@ukanonymous
//I consider the condemning of this action hypocrisy and the people who do so just as bad as the culprit who committed it.//
No, it is not hypocrisy to criticise it. The manner of dispatch is the limit of the similarity.*
Livestock exist worldwide and have all become phenomenally successful species, in terms of number and variety but only thanks to the way we turned natural forests into pasture land, as well as shipping them to parts of the planet which they could not reach by themselves. Indeed they might still be as rare as giraffe if we hadn't developed the desire to eat them.
Other than in zoos, giraffe have limited areas suitable for them and circulating an image on social media, suggesting that they are legal to hunt cannot be a good thing.

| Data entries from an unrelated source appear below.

(* Let $N$ be a simply connected nilpotent Lie group and $|\cdot|$ a quasi-norm on $N$. Then for every $\varepsilon>0$ there exist $\delta>0$ and $C>0$ such that for all $x,y\in N$ with $|y|>C$ and $|x|\le\delta|y|$ we have $\big||xy|-|y|\big|\le\varepsilon|y|$.
   Context: $N$ is identified with its Lie algebra $\mathfrak n$ via the exponential map; $xy$ is the group product. Let $C^p(\mathfrak n)$ be the descending central series. A quasi-norm on $N$ is a continuous $|\cdot|:\mathfrak n\to[0,\infty)$ with $|x|=0$ iff $x=0$ and $|\delta_tx|=t|x|$ for all $t>0$, where $(\delta_t)_{t>0}$ is a one-parameter group of dilations: for some choice of subspaces $m_p$ with $C^p(\mathfrak n)=m_p\oplus C^{p+1}(\mathfrak n)$, $\delta_t$ is linear and acts by $t^p$ on $m_p$. *)

theory Defs
  imports "HOL-Analysis.Analysis"
begin

definition lie_algebra :: "('a::euclidean_space \<Rightarrow> 'a \<Rightarrow> 'a) \<Rightarrow> bool" where
  "lie_algebra br \<longleftrightarrow> bilinear br \<and> (\<forall>x. br x x = 0) \<and>
     (\<forall>x y z. br x (br y z) + br y (br z x) + br z (br x y) = 0)"

fun lcs :: "('a::euclidean_space \<Rightarrow> 'a \<Rightarrow> 'a) \<Rightarrow> nat \<Rightarrow> 'a set" where
  "lcs br 0 = UNIV"
| "lcs br (Suc 0) = UNIV"
| "lcs br (Suc (Suc p)) = span {br x y | x y. y \<in> lcs br (Suc p)}"

definition nilpotent_lie :: "('a::euclidean_space \<Rightarrow> 'a \<Rightarrow> 'a) \<Rightarrow> bool" where
  "nilpotent_lie br \<longleftrightarrow> (\<exists>k. lcs br k = {0})"

fun rbr :: "('a \<Rightarrow> 'a \<Rightarrow> 'a) \<Rightarrow> 'a list \<Rightarrow> 'a::real_vector" where
  "rbr br [] = 0"
| "rbr br [z] = z"
| "rbr br (z # zs) = br z (rbr br zs)"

The backstory will get forgotten the more the pic is passed around.
* The story about providing food to the locals has the ring of 'plausible cover story'. Except how long does fresh meat keep at equatorial temperatures? And, if it was an old animal, wouldn't the meat be tough and unpalatable?

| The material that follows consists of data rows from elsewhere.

lemma similar_four_block_first_col:
  fixes B :: "'a :: field mat"
  assumes B: "B \<in> carrier_mat (Suc m) (Suc m)" and a: "eigenvalue B a"
  shows "\<exists>Q Qi Y C'. Q \<in> carrier_mat (Suc m) (Suc m) \<and> Qi \<in> carrier_mat (Suc m) (Suc m)
     \<and> Q * Qi = 1\<^sub>m (Suc m) \<and> Qi * Q = 1\<^sub>m (Suc m) \<and> Y \<in> carrier_mat 1 m \<and> C' \<in> carrier_mat m m
     \<and> Qi * B * Q = four_block_mat (mat 1 1 (\<lambda>_. a)) Y (0\<^sub>m m 1) C'"
proof -
  obtain v where "eigenvector B v a" using a unfolding eigenvalue_def by blast
  hence v: "v \<in> carrier_vec (Suc m)" "v \<noteq> 0\<^sub>v (Suc m)" "B *\<^sub>v v = a \<cdot>\<^sub>v v"
    using B unfolding eigenvector_def by auto
  obtain Q Qi where Q: "Q \<in> carrier_mat (Suc m) (Suc m)" "Qi \<in> carrier_mat (Suc m) (Suc m)"
    "Q * Qi = 1\<^sub>m (Suc m)" "Qi * Q = 1\<^sub>m (Suc m)" "col Q 0 = v"
    using exists_inverse_pair_first_col[OF v(1,2)] by blast
  have "Qi * B * Q \<in> carrier_mat (Suc m) (Suc m)" using Q B by auto
  moreover have "col (Qi * B * Q) 0 = a \<cdot>\<^sub>v unit_vec (Suc m) 0"
    using col_similar_eq_iff[OF B Q(1-4), of 0 a] v Q(5) by simp
  ultimately show ?thesis using four_block_first_col_iff[of "Qi * B * Q" "Suc m" a] Q by auto
qed

lemma split_char_poly_annihilator:
  fixes B :: "'a :: field mat"
  assumes "B \<in> carrier_mat n n" and "char_poly B = (\<Prod>a \<leftarrow> as. [:- a, 1:])"
  shows "\<exists>bs. length bs = n \<and> (\<forall>x \<in> carrier_vec n. apply_factors B bs x = 0\<^sub>v n)"
  using assms
proof (induct n arbitrary: B as)
  case (Suc m B as)
  let ?n = "Suc m"
  have B: "B \<in> carrier_mat ?n ?n" by fact
  have "degree (char_poly B) = ?n" using degree_monic_char_poly[OF B] by simp
  then obtain a as' where as: "as = a # as'" using Suc(3) by (cases as) auto
  have "poly (char_poly B) a = 0" unfolding Suc(3) as by simp
  hence "eigenvalue B a" using eigenvalue_root_char_poly[OF B] by simp
  then obtain Q Qi Y C' where Q: "Q \<in> carrier_mat ?n ?n" "Qi \<in> carrier_mat ?n ?n" "Q * Qi = 1\<^sub>m ?n"
    "Qi * Q = 1\<^sub>m ?n" and Y: "Y \<in> carrier_mat 1 m" and C': "C' \<in> carrier_mat m m"
    and C_eq: "Qi * B * Q = four_block_mat (mat 1 1 (\<lambda>_. a)) Y (0\<^sub>m m 1) C'"
    using similar_four_block_first_col[OF B] by blast
  have "similar_mat_wit (Qi * B * Q) B Qi Q"
    by (rule similar_mat_witI[OF Q(4,3) refl _ B Q(2,1)]) (use Q B in auto)
  hence "char_poly (Qi * B * Q) = char_poly B" using char_poly_similar unfolding similar_mat_def by blast
  hence "[:- a, 1:] * char_poly C' = [:- a, 1:] * (\<Prod>a \<leftarrow> as'. [:- a, 1:])"
    unfolding C_eq char_poly_four_block_first_col[OF Y C'] Suc(3) as by simp
  hence "char_poly C' = (\<Prod>a \<leftarrow> as'. [:- a, 1:])"
    using mult_cancel_left[of "[:- a, 1:]" "char_poly C'"] by (simp del: mult_pCons_left)
  then obtain bs' where bs': "length bs' = m" "\<forall>y \<in> carrier_vec m. apply_factors C' bs' y = 0\<^sub>v m"
    using Suc(1)[OF C'] by blast
  have "apply_factors B (bs' @ [a]) x = 0\<^sub>v ?n" if x: "x \<in> carrier_vec ?n" for x
  proof -
    have "Qi *\<^sub>v apply_factors B (bs' @ [a]) x = 0\<^sub>v ?n"
      using apply_factors_similar[OF B Q(1,2,3) x] four_block_first_col_annihilator[OF Y C' bs'(2)] Q(2) x
      unfolding C_eq by simp
    moreover have "apply_factors B (bs' @ [a]) x = Q *\<^sub>v (Qi *\<^sub>v apply_factors B (bs' @ [a]) x)"
      using assoc_mult_mat_vec[OF Q(1,2), of "apply_factors B (bs' @ [a]) x"] B x unfolding Q(3) by simp
    moreover have "Q *\<^sub>v 0\<^sub>v ?n = 0\<^sub>v ?n" using Q(1) by (intro eq_vecI) auto
    ultimately show ?thesis by simp
  qed
  thus ?case using bs'(1) by (intro exI[of _ "bs' @ [a]"]) auto
qed (auto simp: vec_of_dim_0)
lemma ham_traj_diff_taylor:
  assumes tr1: "ham_traj g y1 u1 X1 V1" and tr2: "ham_traj g y2 u2 X2 V2"
    and M: "\<And>s. 0 \<le> s \<Longrightarrow> s \<le> T \<Longrightarrow> norm (X1 s - X2 s) \<le> M"
    and t: "0 \<le> t" "t \<le> T"
  shows "norm (X1 t - X2 t - (y1 - y2) - t *\<^sub>R (u1 - u2)) \<le> L * M * T * t"
proof -
  note d1 = ham_trajD[OF tr1] and d2 = ham_trajD[OF tr2]
  have M0: "0 \<le> M"
    using order_trans[OF norm_ge_zero M[of 0]] t by simp
  have velocity: "norm ((V1 s - V2 s) - (u1 - u2)) \<le> L * M * s" if "0 \<le> s" "s \<le> T" for s
  proof -
    have "norm ((V1 s - V2 s) - (V1 0 - V2 0)) \<le> L * M * (s - 0)"
    proof (rule norm_diff_le_derivative_bound[of 0 s _ "\<lambda>\<sigma>. g (X2 \<sigma>) - g (X1 \<sigma>)"])
      fix \<sigma> assume \<sigma>: "0 \<le> \<sigma>" "\<sigma> \<le> s"
      show "((\<lambda>s. V1 s - V2 s) has_vector_derivative g (X2 \<sigma>) - g (X1 \<sigma>)) (at \<sigma>)"
        using has_vector_derivative_diff[OF d1(4) d2(4)] by simp
      have "norm (g (X2 \<sigma>) - g (X1 \<sigma>)) \<le> L * norm (X1 \<sigma> - X2 \<sigma>)"
        using g_lipschitz by (metis norm_minus_commute)
      also have "\<dots> \<le> L * M"
        using M[of \<sigma>] \<sigma> that L_nonneg by (intro mult_left_mono) auto
      finally show "norm (g (X2 \<sigma>) - g (X1 \<sigma>)) \<le> L * M" .
    qed (use that in auto)
    then show ?thesis
      using d1 d2 by simp
  qed
  have "norm ((X1 t - X2 t - t *\<^sub>R (u1 - u2)) - (X1 0 - X2 0 - 0 *\<^sub>R (u1 - u2))) \<le> L * M * T * (t - 0)"
  proof (rule norm_diff_le_derivative_bound[of 0 t _ "\<lambda>s. (V1 s - V2 s) - (u1 - u2)"])
    fix s assume s: "0 \<le> s" "s \<le> t"
    show "((\<lambda>s. X1 s - X2 s - s *\<^sub>R (u1 - u2)) has_vector_derivative (V1 s - V2 s) - (u1 - u2)) (at s)"
      by (auto intro!: derivative_eq_intros d1(3) d2(3))
    have "norm ((V1 s - V2 s) - (u1 - u2)) \<le> L * M * s"
      using velocity[of s] s t by auto
    also have "\<dots> \<le> L * M * T"
      using s t L_nonneg M0 by (intro mult_left_mono) auto
    finally show "norm ((V1 s - V2 s) - (u1 - u2)) \<le> L * M * T" .
  qed (use t in auto)
  then show ?thesis
    using d1 d2 by (simp add: algebra_simps)
qed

Lastly, not letting the scavenger animals get the benefit of the carcass means they were interfering with the whole local ecosystem, not just one animal which was happily minding its own business.
p.s. I suspect the 'lingering death' bs is just another post-hoc attempt at justifying the despicable interference with letting nature take its course.
A month or two ago, the same justification was applied to a 30+ year old black rhino. A "once in a lifetime opportunity" was given to a male tourist (again American, surprise, surprise) - for wads of cash, obviously.
I can see this trend continuing. It may well be raising funds to help wildlife preservation attempts but the ends doesn't necessitate that I have to like the means.